The limitations of this study are related to its retrospective nature. For example, grade scoring and pathological classification change during the study period. The prognostic value of grade scoring is not established for some particular histological sub-types (such as clear cell sarcoma, epithelioid sarcoma, angiosarcoma and so on). Moreover, the parameters used herein are the basic clinical variables. For other tumour types, more elaborate and sophisticated scores have been published, which integrate other parameters such as lymphocyte count, LDH level or albumin (Geraci et al, 2006; Kelly et al, 2007; Arkenau et al, 2008; Penel et al, 2008, 2009). These parameters were not available in a sufficiently large section of the STBSG cohorts and could not be explored in the present study. The additional value of these biological parameters should be evaluated. Furthermore, one could argue that the development of prognostic model for early death might be more relevant in patients failing first-line chemotherapy and candidates for second-line treatment. We plan this second analysis. Moreover, we ignore the precise cause of the death in both databases, especially the incidence of toxic death vs death caused by progressive disease.

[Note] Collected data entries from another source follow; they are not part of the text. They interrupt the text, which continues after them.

lemma terminal_simplex_barycentric:
  fixes w :: "'n::finite \<Rightarrow> real"
  assumes "0 \<le> w0" "\<And>k. 0 \<le> w k" "w0 + sum w UNIV = 1"
  shows "(\<chi> k. w k - w0) \<in> (terminal_simplex :: (real ^ 'n) set)"
proof -
  let ?a = "\<lambda>j::'n option. case j of None \<Rightarrow> w0 | Some k \<Rightarrow> w k"
  let ?v = "\<lambda>j::'n option. case j of None \<Rightarrow> - (\<chi> k. 1) | Some k \<Rightarrow> axis k (1::real)"
  have UNIV_option: "(UNIV :: 'n option set) = insert None (Some ` UNIV)"
    by (rule UNIV_option_conv)
  have "(\<Sum>j\<in>UNIV. ?a j *\<^sub>R ?v j) \<in> terminal_simplex"
  proof (rule convex_sum)
    show "sum ?a UNIV = 1"
      unfolding UNIV_option using assms(3) by (simp add: sum.reindex)
    show "0 \<le> ?a j" for j
      using assms by (cases j) auto
    show "?v j \<in> terminal_simplex" for j
      using axis_in_terminal_simplex minus_one_in_terminal_simplex by (cases j) auto
  qed (simp_all add: convex_terminal_simplex)
  moreover have "(\<Sum>j\<in>UNIV. ?a j *\<^sub>R ?v j) = (\<chi> k. w k - w0)"
    unfolding UNIV_option
    by (simp add: sum.reindex vec_eq_iff axis_def if_distrib sum.delta cong: if_cong)
  ultimately show ?thesis by simp
qed

lemma scaled_indicator_in_terminal_simplex:
  fixes S :: "'n::finite set"
  defines "m \<equiv> real CARD('n) + 1 - real (card S)"
  shows "(\<chi> k. if k \<in> S then - 1 / m else 0) \<in> terminal_simplex"
proof -
  have card_S: "card S \<le> CARD('n)"
    by (rule card_mono) auto
  then have "0 < m"
    unfolding m_def by linarith
  have "(\<Sum>k\<in>UNIV. if k \<in> S then 0 else 1 / m) = real (card (- S)) / m"
    by (simp add: sum.If_cases Compl_eq)
  also have "\<dots> = (m - 1) / m"
    using card_S by (simp add: Compl_eq_Diff_UNIV card_Diff_subset of_nat_diff m_def)
  finally have "(\<chi> k. (if k \<in> S then 0 else 1 / m) - 1 / m) \<in> (terminal_simplex :: (real ^ 'n) set)"
    using \<open>0 < m\<close> by (intro terminal_simplex_barycentric) (simp_all add: diff_divide_distrib)
  moreover have "(\<chi> k. (if k \<in> S then 0 else 1 / m) - 1 / m) = (\<chi> k. if k \<in> S then - 1 / m else 0)"
    by (simp add: vec_eq_iff)
  ultimately show ?thesis
    by simp
qed

lemma zero_in_terminal_simplex: "0 \<in> terminal_simplex"
  using scaled_indicator_in_terminal_simplex[of "{}"] by (simp add: zero_vec_def)

lemma terminal_simplex_scaleR:
  assumes "x \<in> terminal_simplex" "0 \<le> t" "t \<le> 1"
  shows "t *\<^sub>R x \<in> terminal_simplex"
  using convexD[OF convex_terminal_simplex zero_in_terminal_simplex assms(1), of "1 - t" t] assms(2,3)
  by simp

lemma terminal_simplex_lattice_point_on_positive_side:
  fixes a :: "real ^ 'n::finite"
  assumes "a \<noteq> 0"
  obtains v where "v \<in> terminal_simplex" "v \<in> int_lattice" "0 < a \<bullet> v"
proof (cases "\<exists>k. 0 < a $ k")
  case True
  then obtain k where "0 < a $ k" by blast
  then show ?thesis
    using that[OF axis_in_terminal_simplex axis_in_int_lattice] by (simp add: cart_eq_inner_axis)
next
  case False
  then have nonpos: "a $ k \<le> 0" for k
    by (simp add: not_less)
  obtain k where "a $ k \<noteq> 0"
    using assms by (auto simp: vec_eq_iff)
  with nonpos have "0 < (\<Sum>k\<in>UNIV. - a $ k)"
    by (intro sum_pos2[of _ k]) (auto simp: order_less_le)
  moreover have "- (\<chi> k. 1) \<in> int_lattice"
    unfolding int_lattice_def by simp
  ultimately show ?thesis
    using that[OF minus_one_in_terminal_simplex] by (simp add: inner_vec_def sum_negf)
qed

lemma hyperplane_meets_half_terminal_simplex_translates:
  fixes a :: "real ^ 'n::finite"
  assumes "a \<noteq> 0"
  shows "\<exists>x \<in> lattice_translates (1/2) terminal_simplex. a \<bullet> x = b"
proof -
  obtain p where p: "p \<in> terminal_simplex" "p \<in> int_lattice" "0 < a \<bullet> p"
    using terminal_simplex_lattice_point_on_positive_side[OF assms] .
  obtain q where q: "q \<in> terminal_simplex" "q \<in> int_lattice" "a \<bullet> q < 0"
    using terminal_simplex_lattice_point_on_positive_side[of "- a"] assms by auto
  show ?thesis
  proof (cases "a \<bullet> p \<le> - (a \<bullet> q)")
    case True
    with p q show ?thesis
      by (intro hyperplane_meets_lattice_translates[OF convex_terminal_simplex q(1) p(1) p(2)]) auto
  next
    case False
    with p q show ?thesis
      by (intro hyperplane_meets_lattice_translates[OF convex_terminal_simplex q(1) p(1)
            int_lattice_uminus[OF q(2)]]) auto
  qed
qed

Despite its subjective nature, estimation of general condition by PS remains one of the most powerful PF in advanced/metastatic STS patients. Nevertheless, PS is not suitable for disabled and/or patients who suffer with persistent pain, for example, patients treated with previous mutilating surgical procedure. There are several scales available for scoring PS: the WHO-PS scale, the ECOG-PS scale or the Karnofsky PS scale. These different scales can generate discrepancies for evaluation of PS. It is well known that physicians overestimate both PS and life expectancy (Parkes, 1972; Evans and McCarthy, 1985; Christakis and Lemont, 2000; Ando et al, 2001). Ando et al (2001) had demonstrated that nurses and patients themselves estimate more accurately the actual PS than physicians.

Nevertheless, regarding its prognostic value, this variable has to be taken into account in future clinical trials, for example, as stratification factors at inclusion in randomised trials. For clinical decision making, both models developed are far from ideal. The probability of early death for a patient with PS 2 is 11–24% compared with 0–3% for those with PS=0 (Figure 1). In everyday practice, this does not imply that all patients with PS 2 should be denied palliative chemotherapy per se, but the high risk of an early death and the potential lack of benefit from treatment should be discussed with the patient before a decision is made to proceed with chemotherapy. Further studies are warranted to develop and validate more accurate prognostic models, if possible based on objectively measurable variables (such as biological parameters) and excluding PS.